This year has seen the abolition of the statutory dispute resolution procedures which were the guidelines used to tackle disciplinary and grievance issues in the workplace.

They were replaced by ACAS’s revised Code of Practice on Disciplinary and Grievance Procedures. But what does this change mean for employers and employees?

The old regime To comply with the statutory dispute resolution procedures, an employer generally needed to follow a three step procedure when considering dismissing or taking disciplinary action against an employee or when a member of staff raised a grievance.

This procedure involved the employer or the employee writing to each other to set out the issue.

The employer then held a meeting with the individual concerned before writing to them with their decision and giving the employee the opportunity to appeal.

Failure to comply with these steps could have led to a finding of unfair dismissal causing the compensation award to be hiked by up to 50 per cent.

The statutory dispute resolution procedures were criticised for formalising employment disputes at an early stage, causing litigation as to whether or not all of the steps had been complied with.

The new regime The new code, which does not apply to redundancy cases or the renewal of fixed-term contracts on their expiry, sets out basic standards of fairness that must be adhered to by employers and employees alike.

It is hoped that the code’s principle-based approach will mean fewer disputes will reach tribunals.

The three-step procedure is the same under the new regime as it was previously.

However, a failure to follow its provisions will not automatically result in a penalty of any kind, although either party’s unreasonable failure to abide by the code will allow a tribunal to adjust any award of compensation by up to 25 per cent.

But there are some important differences under the new set of regulation including: n Dispute resolution procedures should be in writing n Employees and their representatives should be involved in the development of the procedures n The procedures should be understood by the employees n Disputes should be resolved informally where possible, using a mediator if required n Employers are now under an obligation to investigate the facts of the case n Employees have the right to call witnesses to give evidence during formal meetings if they give advance notice to the employer The new regime will bring benefits to employers and their staff. Workers will no longer have to lodge a grievance and wait 28 days before lodging a claim and their managers will no longer be found guilty of automatic unfair dismissal if they fail to follow the code.

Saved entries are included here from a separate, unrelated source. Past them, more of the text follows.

lemma well_behaved_mono:
  assumes "well_behaved lam" "hypergraph H" "S \<subseteq> T" "T \<subseteq> verts H"
  shows "lam H S \<le> lam H T"
proof -
  have "\<forall>F H S T. hypergraph F \<and> hypergraph H \<and> verts H \<subseteq> verts F \<and> edges H \<subseteq> edges F \<and>
      S \<subseteq> T \<and> T \<subseteq> verts H \<longrightarrow> lam F S \<le> lam H T"
    using assms(1) unfolding well_behaved_def by (elim conjE) assumption
  then show ?thesis
    using assms(2-4) by blast
qed

lemma bag_width_le_decomp_width:
  assumes "finite N" "t \<in> N"
  shows "lam H (bag t) \<le> decomp_width lam H N bag"
  unfolding decomp_width_def using assms by (intro Max_ge) auto

lemma tree_decomp_add_heavy_edge:
  assumes wb: "well_behaved lam" and hH: "hypergraph H" and VG: "verts G = verts H"
    and td: "tree_decomp G N adj bag" and width: "decomp_width lam H N bag \<le> k"
    and uv: "u \<in> verts G" "v \<in> verts G" and heavy: "k < lam H (gnbr G u \<inter> gnbr G v)"
  shows "tree_decomp (add_edge G u v) N adj bag"
proof (rule tree_decomp_add_edge[OF td], rule ccontr)
  assume "\<not> (\<exists>t\<in>N. u \<in> bag t \<and> v \<in> bag t)"
  then obtain s where s: "s \<in> N" "gnbr G u \<inter> gnbr G v \<subseteq> bag s"
    using tree_decomp_common_nbrs_in_bag[OF td uv] by blast
  have "finite N"
    using td by (simp add: tree_decomp_def is_tree_def)
  have "bag s \<subseteq> verts H"
    using td s(1) VG by (simp add: tree_decomp_def)
  then have "lam H (gnbr G u \<inter> gnbr G v) \<le> lam H (bag s)"
    by (rule well_behaved_mono[OF wb hH s(2)])
  also have "\<dots> \<le> decomp_width lam H N bag"
    using \<open>finite N\<close> s(1) by (rule bag_width_le_decomp_width)
  finally show False
    using width heavy by simp
qed

lemma separator_add_heavy_edge:
  assumes wb: "well_behaved lam" and hH: "hypergraph H"
    and sep: "separator G A B S" and S: "S \<subseteq> verts H" "lam H S \<le> k"
    and heavy: "k < lam H (gnbr G u \<inter> gnbr G v)"
  shows "separator (add_edge G u v) A B S"
proof -
  have "\<not> gnbr G u \<inter> gnbr G v \<subseteq> S"
  proof
    assume "gnbr G u \<inter> gnbr G v \<subseteq> S"
    then have "lam H (gnbr G u \<inter> gnbr G v) \<le> lam H S"
      by (rule well_behaved_mono[OF wb hH _ S(1)])
    with S(2) heavy show False
      by simp
  qed
  then obtain w where "w \<in> gnbr G u \<inter> gnbr G v" "w \<notin> S"
    by blast
  then show ?thesis
    by (rule separator_add_edge[OF sep])
qed
lemma sum_tlog_eq_0_iff:
  assumes "finite S" "S \<noteq> {}" "lvl0 m = 1" "\<forall>i\<in>S. lvl0 (x i) = 1"
  shows "(\<Sum>i\<in>S. tlog (tmul (tinv m) (x i))) = 0 \<longleftrightarrow> m = bary_closed_form S x"
proof -
  define n where "n = real (card S)"
  define a where "a = lvl1_mean S x"
  define T where "T = (\<Sum>i\<in>S. tlog (tmul (tinv m) (x i)))"
  have "n > 0"
    using assms(1,2) by (simp add: n_def card_gt_0_iff)
  have s: "(\<Sum>i\<in>S. lvl1 (x i)) = n *\<^sub>R a"
    using \<open>n > 0\<close> by (simp add: a_def lvl1_mean_def n_def)
  have T: "T = tmk 0 (n *\<^sub>R (a - lvl1 m))
    ((\<Sum>i\<in>S. lvl2 (x i)) - n *\<^sub>R lvl2 m + (1/2) *\<^sub>R (n *\<^sub>R outer (lvl1 m) (lvl1 m)
       - outer (lvl1 m) (n *\<^sub>R a) + outer (n *\<^sub>R a) (lvl1 m) - (\<Sum>i\<in>S. outer (lvl1 (x i)) (lvl1 (x i)))))"
    using assms(3,4) by (simp add: T_def sum_tlog_tinv_tmul s n_def scaleR_diff_right)
  have lvl1_T: "lvl1 T = 0 \<longleftrightarrow> lvl1 m = a"
    using \<open>n > 0\<close> by (auto simp: T)
  have lvl2_T: "lvl2 T = n *\<^sub>R (lvl2 (bary_closed_form S x) - lvl2 m)" if "lvl1 m = a"
    using \<open>n > 0\<close> that
    by (simp add: T bary_closed_form_def a_def n_def outer.scaleR_left outer.scaleR_right algebra_simps)
  have "T = 0 \<longleftrightarrow> lvl1 T = 0 \<and> lvl2 T = 0"
    by (simp add: tens2_eq_iff T)
  also have "\<dots> \<longleftrightarrow> lvl1 m = a \<and> lvl2 m = lvl2 (bary_closed_form S x)"
    using lvl1_T lvl2_T \<open>n > 0\<close> by auto
  also have "\<dots> \<longleftrightarrow> m = bary_closed_form S x"
    using assms(3) by (auto simp: tens2_eq_iff bary_closed_form_def a_def)
  finally show ?thesis
    unfolding T_def .
qed

lemma bary_closed_form_in_tgroup:
  assumes "\<forall>i\<in>S. x i \<in> tgroup"
  shows "bary_closed_form S x \<in> tgroup"
proof -
  define B where "B = (\<Sum>i\<in>S. lvl2 (x i))"
  define Q where "Q = (\<Sum>i\<in>S. outer (lvl1 (x i)) (lvl1 (x i)))"
  define r where "r = 1 / real (card S)"
  define a where "a = lvl1_mean S x"
  have "B + transpose B = Q"
    using assms by (simp add: B_def Q_def transpose_linear_simps tgroup_iff flip: sum.distrib)
  then have B: "r * B $ i $ j + r * B $ j $ i = r * Q $ i $ j" for i j
    by (simp add: vec_eq_iff transpose_def flip: distrib_left)
  have Q: "Q $ j $ i = Q $ i $ j" for i j
    by (simp add: Q_def sum_component mult.commute)
  have c: "lvl2 (bary_closed_form S x) $ i $ j = r * B $ i $ j - r / 2 * Q $ i $ j + a $ i * a $ j / 2" for i j
    by (simp add: bary_closed_form_def B_def Q_def r_def a_def)
  have "lvl2 (bary_closed_form S x) $ i $ j + lvl2 (bary_closed_form S x) $ j $ i = a $ i * a $ j" for i j
    unfolding c using B[of i j] Q[of i j] by (simp add: field_simps)
  then show ?thesis
    by (simp add: tgroup_iff vec_eq_iff transpose_def bary_closed_form_def a_def)
qed

lemma barycenter_equation_iff:
  assumes "finite S" "S \<noteq> {}" "\<forall>i\<in>S. x i \<in> tgroup"
  shows "m \<in> tgroup \<and> (\<Sum>i\<in>S. tlog (tmul (tinv m) (x i))) = 0 \<longleftrightarrow> m = bary_closed_form S x"
  using sum_tlog_eq_0_iff[OF assms(1,2)] bary_closed_form_in_tgroup[OF assms(3)] assms(3)
  by (metis tgroup_iff)

theorem theorem4p11:
  fixes x :: "nat \<Rightarrow> ('d::finite) tens2" and N :: nat
  assumes "N \<ge> 1"
    and "\<forall>i\<in>{1..N}. x i \<in> tgroup"
  shows "bary N x =
    tmk 1
        ((1 / real N) *\<^sub>R (\<Sum>i=1..N. lvl1 (x i)))
        ((1 / real N) *\<^sub>R (\<Sum>i=1..N. lvl2 (x i))
         - (1 / (2 * real N)) *\<^sub>R (\<Sum>i=1..N. outer (lvl1 (x i)) (lvl1 (x i)))
         + (1 / (2 * (real N)^2)) *\<^sub>R (\<Sum>i1=1..N. \<Sum>i2=1..N. outer (lvl1 (x i1)) (lvl1 (x i2))))"
proof -
  have "bary N x = bary_closed_form {1..N} x"
    using assms by (simp add: bary_def barycenter_equation_iff)
  moreover have "(\<Sum>i1=1..N. \<Sum>i2=1..N. outer (lvl1 (x i1)) (lvl1 (x i2)))
      = outer (\<Sum>i=1..N. lvl1 (x i)) (\<Sum>i=1..N. lvl1 (x i))"
    by (subst outer.sum_left) (simp add: outer.sum_right)
  ultimately show ?thesis
    by (simp add: bary_closed_form_def lvl1_mean_def outer.scaleR_left outer.scaleR_right power2_eq_square)
qed

end
lemma KB_trans:
  assumes "in_tree c2" "in_tree c3" "KB c1 c2" "KB c2 c3"
  shows "KB c1 c3"
  using assms(3)
proof (cases rule: KB_cases)
  case (ext n1 n2)
  then show ?thesis using KB_trans_ext assms(4) by blast
next
  case (branch i y y')
  note left12 = branch
  from assms(4) show ?thesis
  proof (cases rule: KB_cases)
    case (ext n2 n3)
    then show ?thesis using KB_trans_branch_ext[OF assms(1,2) left12] by blast
  next
    case (branch k u u')
    then show ?thesis using KB_trans_branch_branch[OF assms(1,2) left12] by blast
  qed
qed

lemma common_prefix:
  assumes "len c n" "len c' n'"
  obtains i where "i \<preceq> n" "i \<preceq> n'" "\<And>j y. j \<prec> i \<Longrightarrow> entry c j y \<longleftrightarrow> entry c' j y"
    and "i = n \<or> i = n' \<or> \<not> (\<forall>y. entry c i y \<longleftrightarrow> entry c' i y)"
proof -
  let ?D = "\<lambda>i. \<not> (i \<prec> n \<and> i \<prec> n' \<and> (\<forall>y. entry c i y \<longleftrightarrow> entry c' i y))"
  have "\<exists>i. ?D i \<and> (\<forall>j. ?D j \<longrightarrow> i \<preceq> j)"
    by (rule least_number[where E=no_sets and e="\<lambda>i. if i = 1 then c else if i = 2 then c' else if i = 3 then n else n'" and v=0 and
          p="Neg (Conj (Less (Var 0) (Var 3)) (Conj (Less (Var 0) (Var 4)) (AllN 5 (Iff (entryF 10 (Var 1) (Var 0) (Var 5)) (entryF 10 (Var 2) (Var 0) (Var 5))))))"
          and x=n]) simp_all
  then obtain i where Di: "?D i" and imin: "\<And>j. ?D j \<Longrightarrow> i \<preceq> j" by blast
  have agree: "j \<prec> n \<and> j \<prec> n' \<and> (\<forall>y. entry c j y \<longleftrightarrow> entry c' j y)" if "j \<prec> i" for j
    using imin[of j] that less_asym by blast
  have "i \<preceq> n" "i \<preceq> n'" using agree[of n] agree[of n'] not_less by blast+
  moreover have "\<And>j y. j \<prec> i \<Longrightarrow> entry c j y \<longleftrightarrow> entry c' j y" using agree by blast
  moreover have "i = n \<or> i = n' \<or> \<not> (\<forall>y. entry c i y \<longleftrightarrow> entry c' i y)"
    using Di \<open>i \<preceq> n\<close> \<open>i \<preceq> n'\<close> by blast
  ultimately show ?thesis by (rule that)
qed

lemma same_seq_sym: "same_seq c c' \<Longrightarrow> same_seq c' c"
  unfolding same_seq_def by blast

lemma node_eq: "node c \<Longrightarrow> node c' \<Longrightarrow> same_seq c c' \<Longrightarrow> c = c'"
  unfolding node_def using less_linear same_seq_sym by metis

The code has also been drafted vaguely lacking mandatory requirements or directions and instead uses ambiguous language such as ‘it may be appropriate to’ and ‘it is advisable to’.

This lack of clarity will inevitably lead to appeals regarding the meaning of various provisions within the code.

It is also unclear whether the code applies to ex-employees.

What should be done now?

Employers and employees need to be aware that the old regime will still apply if disciplinary proceedings or action giving rise to a grievance started before April 6, 2009.

Written disciplinary and grievance procedures should now put in place by employers if they do not have them and they should seek input from their employees and representatives.

If an employer already has written procedures, they should check they reflect the principles set out in the code.

Employers should also train their employees and managers to understand the procedures and be aware of further developments in tribunal cases that will expand on the principles set out in the code.